### TASK INSTRUCTIONS
Each line in the entries below that contains the word "subseteq" counts once. Report how many there are and nothing more.

### Saved entries
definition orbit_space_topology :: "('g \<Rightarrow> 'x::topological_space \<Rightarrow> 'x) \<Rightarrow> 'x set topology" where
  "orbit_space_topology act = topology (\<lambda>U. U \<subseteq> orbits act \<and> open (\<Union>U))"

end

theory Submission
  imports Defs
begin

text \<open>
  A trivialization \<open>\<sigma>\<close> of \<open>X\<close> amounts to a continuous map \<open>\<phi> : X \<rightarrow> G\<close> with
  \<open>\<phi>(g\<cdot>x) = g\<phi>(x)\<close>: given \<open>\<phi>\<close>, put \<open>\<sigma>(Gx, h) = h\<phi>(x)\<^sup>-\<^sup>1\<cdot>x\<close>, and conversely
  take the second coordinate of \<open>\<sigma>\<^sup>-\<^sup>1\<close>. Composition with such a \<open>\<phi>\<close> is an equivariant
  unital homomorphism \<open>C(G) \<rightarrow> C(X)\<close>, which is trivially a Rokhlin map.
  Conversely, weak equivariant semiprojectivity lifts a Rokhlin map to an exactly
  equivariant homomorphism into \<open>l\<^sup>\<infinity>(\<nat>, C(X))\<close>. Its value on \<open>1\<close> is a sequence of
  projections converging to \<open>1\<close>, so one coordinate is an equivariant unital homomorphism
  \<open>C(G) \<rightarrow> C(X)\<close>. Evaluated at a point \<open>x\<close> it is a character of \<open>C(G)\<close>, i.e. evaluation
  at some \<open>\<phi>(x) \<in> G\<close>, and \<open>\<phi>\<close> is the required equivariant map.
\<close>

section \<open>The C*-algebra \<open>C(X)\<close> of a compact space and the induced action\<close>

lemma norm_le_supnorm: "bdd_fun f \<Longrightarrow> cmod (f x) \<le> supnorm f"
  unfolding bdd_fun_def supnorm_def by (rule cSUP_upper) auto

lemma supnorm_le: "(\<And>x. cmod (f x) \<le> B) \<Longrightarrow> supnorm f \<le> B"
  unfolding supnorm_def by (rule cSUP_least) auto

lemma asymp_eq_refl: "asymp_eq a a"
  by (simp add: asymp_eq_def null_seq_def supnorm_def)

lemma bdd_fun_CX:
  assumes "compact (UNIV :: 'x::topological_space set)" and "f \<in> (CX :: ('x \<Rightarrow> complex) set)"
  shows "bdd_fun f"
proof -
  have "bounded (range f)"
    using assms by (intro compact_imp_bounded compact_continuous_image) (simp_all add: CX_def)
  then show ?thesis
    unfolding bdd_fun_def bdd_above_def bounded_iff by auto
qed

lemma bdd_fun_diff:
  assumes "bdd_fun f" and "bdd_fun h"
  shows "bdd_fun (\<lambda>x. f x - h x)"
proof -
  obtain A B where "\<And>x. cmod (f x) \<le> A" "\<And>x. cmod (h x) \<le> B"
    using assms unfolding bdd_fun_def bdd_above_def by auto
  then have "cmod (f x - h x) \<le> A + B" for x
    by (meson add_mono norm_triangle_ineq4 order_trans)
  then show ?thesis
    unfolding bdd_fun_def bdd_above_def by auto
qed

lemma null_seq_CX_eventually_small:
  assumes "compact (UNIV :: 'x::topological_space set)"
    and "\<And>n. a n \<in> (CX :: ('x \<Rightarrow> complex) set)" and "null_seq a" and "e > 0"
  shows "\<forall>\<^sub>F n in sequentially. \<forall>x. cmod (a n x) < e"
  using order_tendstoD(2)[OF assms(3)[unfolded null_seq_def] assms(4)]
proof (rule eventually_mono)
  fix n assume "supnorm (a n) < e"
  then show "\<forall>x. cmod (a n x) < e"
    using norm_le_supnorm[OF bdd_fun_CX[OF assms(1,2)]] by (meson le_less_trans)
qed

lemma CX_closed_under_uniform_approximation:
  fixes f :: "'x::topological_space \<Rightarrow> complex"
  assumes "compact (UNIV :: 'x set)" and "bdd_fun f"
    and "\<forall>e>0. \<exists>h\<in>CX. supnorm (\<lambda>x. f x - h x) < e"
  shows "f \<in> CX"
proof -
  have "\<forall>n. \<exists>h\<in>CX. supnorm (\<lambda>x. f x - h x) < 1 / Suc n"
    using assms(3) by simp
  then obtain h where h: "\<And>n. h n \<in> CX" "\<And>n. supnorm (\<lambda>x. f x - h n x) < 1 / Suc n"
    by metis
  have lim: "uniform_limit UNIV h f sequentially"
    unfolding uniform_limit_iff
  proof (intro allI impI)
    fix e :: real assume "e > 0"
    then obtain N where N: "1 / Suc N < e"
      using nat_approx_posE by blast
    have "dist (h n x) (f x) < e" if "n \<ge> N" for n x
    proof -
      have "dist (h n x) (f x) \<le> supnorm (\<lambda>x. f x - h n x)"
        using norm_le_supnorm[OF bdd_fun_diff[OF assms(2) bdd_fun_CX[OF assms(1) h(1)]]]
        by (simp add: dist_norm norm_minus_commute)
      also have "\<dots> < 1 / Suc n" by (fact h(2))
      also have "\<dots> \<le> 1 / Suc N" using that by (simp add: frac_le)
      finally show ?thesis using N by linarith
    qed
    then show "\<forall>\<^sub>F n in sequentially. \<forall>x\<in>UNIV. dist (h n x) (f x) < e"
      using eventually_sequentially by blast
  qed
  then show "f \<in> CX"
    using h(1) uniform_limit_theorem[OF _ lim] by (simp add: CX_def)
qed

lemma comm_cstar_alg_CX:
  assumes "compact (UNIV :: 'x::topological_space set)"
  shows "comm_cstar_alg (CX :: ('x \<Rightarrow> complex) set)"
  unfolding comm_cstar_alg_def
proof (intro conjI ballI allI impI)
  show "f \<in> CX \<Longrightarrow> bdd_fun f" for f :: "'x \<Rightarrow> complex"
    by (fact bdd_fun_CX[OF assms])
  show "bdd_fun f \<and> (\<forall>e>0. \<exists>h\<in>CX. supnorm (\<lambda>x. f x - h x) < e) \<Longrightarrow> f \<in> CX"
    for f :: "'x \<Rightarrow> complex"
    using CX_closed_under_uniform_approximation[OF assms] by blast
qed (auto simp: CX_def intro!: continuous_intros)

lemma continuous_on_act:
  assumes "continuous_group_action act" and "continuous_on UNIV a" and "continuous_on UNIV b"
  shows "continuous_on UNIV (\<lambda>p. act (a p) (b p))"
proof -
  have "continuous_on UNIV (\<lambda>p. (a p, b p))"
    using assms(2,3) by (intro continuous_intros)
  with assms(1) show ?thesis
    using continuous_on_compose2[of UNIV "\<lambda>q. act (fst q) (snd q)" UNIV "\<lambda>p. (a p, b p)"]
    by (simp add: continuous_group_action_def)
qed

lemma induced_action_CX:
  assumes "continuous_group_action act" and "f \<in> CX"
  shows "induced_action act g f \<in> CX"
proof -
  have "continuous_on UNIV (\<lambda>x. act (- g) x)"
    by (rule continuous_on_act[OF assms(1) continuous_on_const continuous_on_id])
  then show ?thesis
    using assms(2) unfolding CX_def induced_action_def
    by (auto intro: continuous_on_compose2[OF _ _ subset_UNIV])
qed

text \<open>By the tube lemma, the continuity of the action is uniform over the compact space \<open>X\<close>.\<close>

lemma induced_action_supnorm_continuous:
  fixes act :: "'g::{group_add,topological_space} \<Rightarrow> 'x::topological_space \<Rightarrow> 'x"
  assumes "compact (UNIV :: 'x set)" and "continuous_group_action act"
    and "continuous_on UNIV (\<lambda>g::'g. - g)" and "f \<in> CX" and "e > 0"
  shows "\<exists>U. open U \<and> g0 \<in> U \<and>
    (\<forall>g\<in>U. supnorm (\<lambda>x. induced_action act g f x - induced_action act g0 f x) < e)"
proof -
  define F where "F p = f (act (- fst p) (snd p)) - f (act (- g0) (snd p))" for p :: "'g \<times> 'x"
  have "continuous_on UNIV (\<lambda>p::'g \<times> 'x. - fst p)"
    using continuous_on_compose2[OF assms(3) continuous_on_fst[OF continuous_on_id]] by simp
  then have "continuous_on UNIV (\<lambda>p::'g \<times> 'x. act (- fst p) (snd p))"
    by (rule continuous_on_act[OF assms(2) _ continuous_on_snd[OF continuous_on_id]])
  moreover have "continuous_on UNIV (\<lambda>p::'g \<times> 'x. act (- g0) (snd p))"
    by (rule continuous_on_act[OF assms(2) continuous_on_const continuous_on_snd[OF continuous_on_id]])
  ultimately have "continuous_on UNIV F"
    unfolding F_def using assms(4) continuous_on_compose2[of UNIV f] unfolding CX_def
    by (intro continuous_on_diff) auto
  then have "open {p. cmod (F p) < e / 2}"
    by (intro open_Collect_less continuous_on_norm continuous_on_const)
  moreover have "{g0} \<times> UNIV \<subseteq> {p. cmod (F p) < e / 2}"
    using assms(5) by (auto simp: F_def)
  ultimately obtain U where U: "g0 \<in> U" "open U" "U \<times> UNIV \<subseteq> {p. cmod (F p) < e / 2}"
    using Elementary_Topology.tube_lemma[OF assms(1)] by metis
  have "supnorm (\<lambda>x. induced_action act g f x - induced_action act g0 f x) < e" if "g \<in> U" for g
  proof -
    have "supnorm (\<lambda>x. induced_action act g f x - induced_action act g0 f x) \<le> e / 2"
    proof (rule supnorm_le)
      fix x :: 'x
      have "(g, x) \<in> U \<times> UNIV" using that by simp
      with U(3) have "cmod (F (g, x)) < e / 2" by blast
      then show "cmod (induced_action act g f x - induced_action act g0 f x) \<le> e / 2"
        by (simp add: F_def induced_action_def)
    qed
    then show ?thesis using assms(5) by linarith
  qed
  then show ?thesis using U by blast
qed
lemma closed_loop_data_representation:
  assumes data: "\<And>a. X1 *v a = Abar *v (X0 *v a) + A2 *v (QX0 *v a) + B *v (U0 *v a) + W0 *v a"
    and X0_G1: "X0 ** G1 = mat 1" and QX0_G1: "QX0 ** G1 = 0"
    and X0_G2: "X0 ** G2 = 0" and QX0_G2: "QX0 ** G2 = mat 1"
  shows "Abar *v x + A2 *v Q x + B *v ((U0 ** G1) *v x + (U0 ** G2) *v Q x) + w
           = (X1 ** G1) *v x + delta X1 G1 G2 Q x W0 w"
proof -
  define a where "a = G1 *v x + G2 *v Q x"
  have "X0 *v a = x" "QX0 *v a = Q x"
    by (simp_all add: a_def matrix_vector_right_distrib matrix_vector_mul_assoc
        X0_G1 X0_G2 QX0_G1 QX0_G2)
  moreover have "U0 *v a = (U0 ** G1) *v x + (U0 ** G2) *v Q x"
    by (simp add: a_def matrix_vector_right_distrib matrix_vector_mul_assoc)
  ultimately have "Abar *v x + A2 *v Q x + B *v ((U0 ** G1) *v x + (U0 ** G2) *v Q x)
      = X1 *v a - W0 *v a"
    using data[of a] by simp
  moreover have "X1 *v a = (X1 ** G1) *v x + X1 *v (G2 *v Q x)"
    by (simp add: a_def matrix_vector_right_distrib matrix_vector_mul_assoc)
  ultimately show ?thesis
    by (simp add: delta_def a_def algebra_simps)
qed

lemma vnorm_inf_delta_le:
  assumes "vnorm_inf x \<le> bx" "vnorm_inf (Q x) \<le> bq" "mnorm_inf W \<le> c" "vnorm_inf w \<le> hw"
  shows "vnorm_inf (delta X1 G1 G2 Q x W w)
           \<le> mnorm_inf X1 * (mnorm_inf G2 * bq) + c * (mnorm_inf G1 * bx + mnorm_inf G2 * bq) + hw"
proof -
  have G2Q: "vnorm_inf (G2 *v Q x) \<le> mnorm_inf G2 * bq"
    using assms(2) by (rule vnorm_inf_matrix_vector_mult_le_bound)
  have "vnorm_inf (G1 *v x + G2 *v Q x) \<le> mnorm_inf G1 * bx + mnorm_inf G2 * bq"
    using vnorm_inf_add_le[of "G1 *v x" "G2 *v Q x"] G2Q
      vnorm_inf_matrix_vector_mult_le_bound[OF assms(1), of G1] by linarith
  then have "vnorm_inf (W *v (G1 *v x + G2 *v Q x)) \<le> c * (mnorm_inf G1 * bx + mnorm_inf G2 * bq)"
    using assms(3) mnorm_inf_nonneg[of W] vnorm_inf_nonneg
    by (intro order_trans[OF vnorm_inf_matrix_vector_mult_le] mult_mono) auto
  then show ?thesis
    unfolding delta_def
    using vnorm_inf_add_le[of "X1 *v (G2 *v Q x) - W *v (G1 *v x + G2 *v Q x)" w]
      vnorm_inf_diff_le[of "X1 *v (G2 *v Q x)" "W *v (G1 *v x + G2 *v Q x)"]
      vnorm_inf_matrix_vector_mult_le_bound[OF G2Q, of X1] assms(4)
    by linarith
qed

### RESULT OF THE EXERCISE
3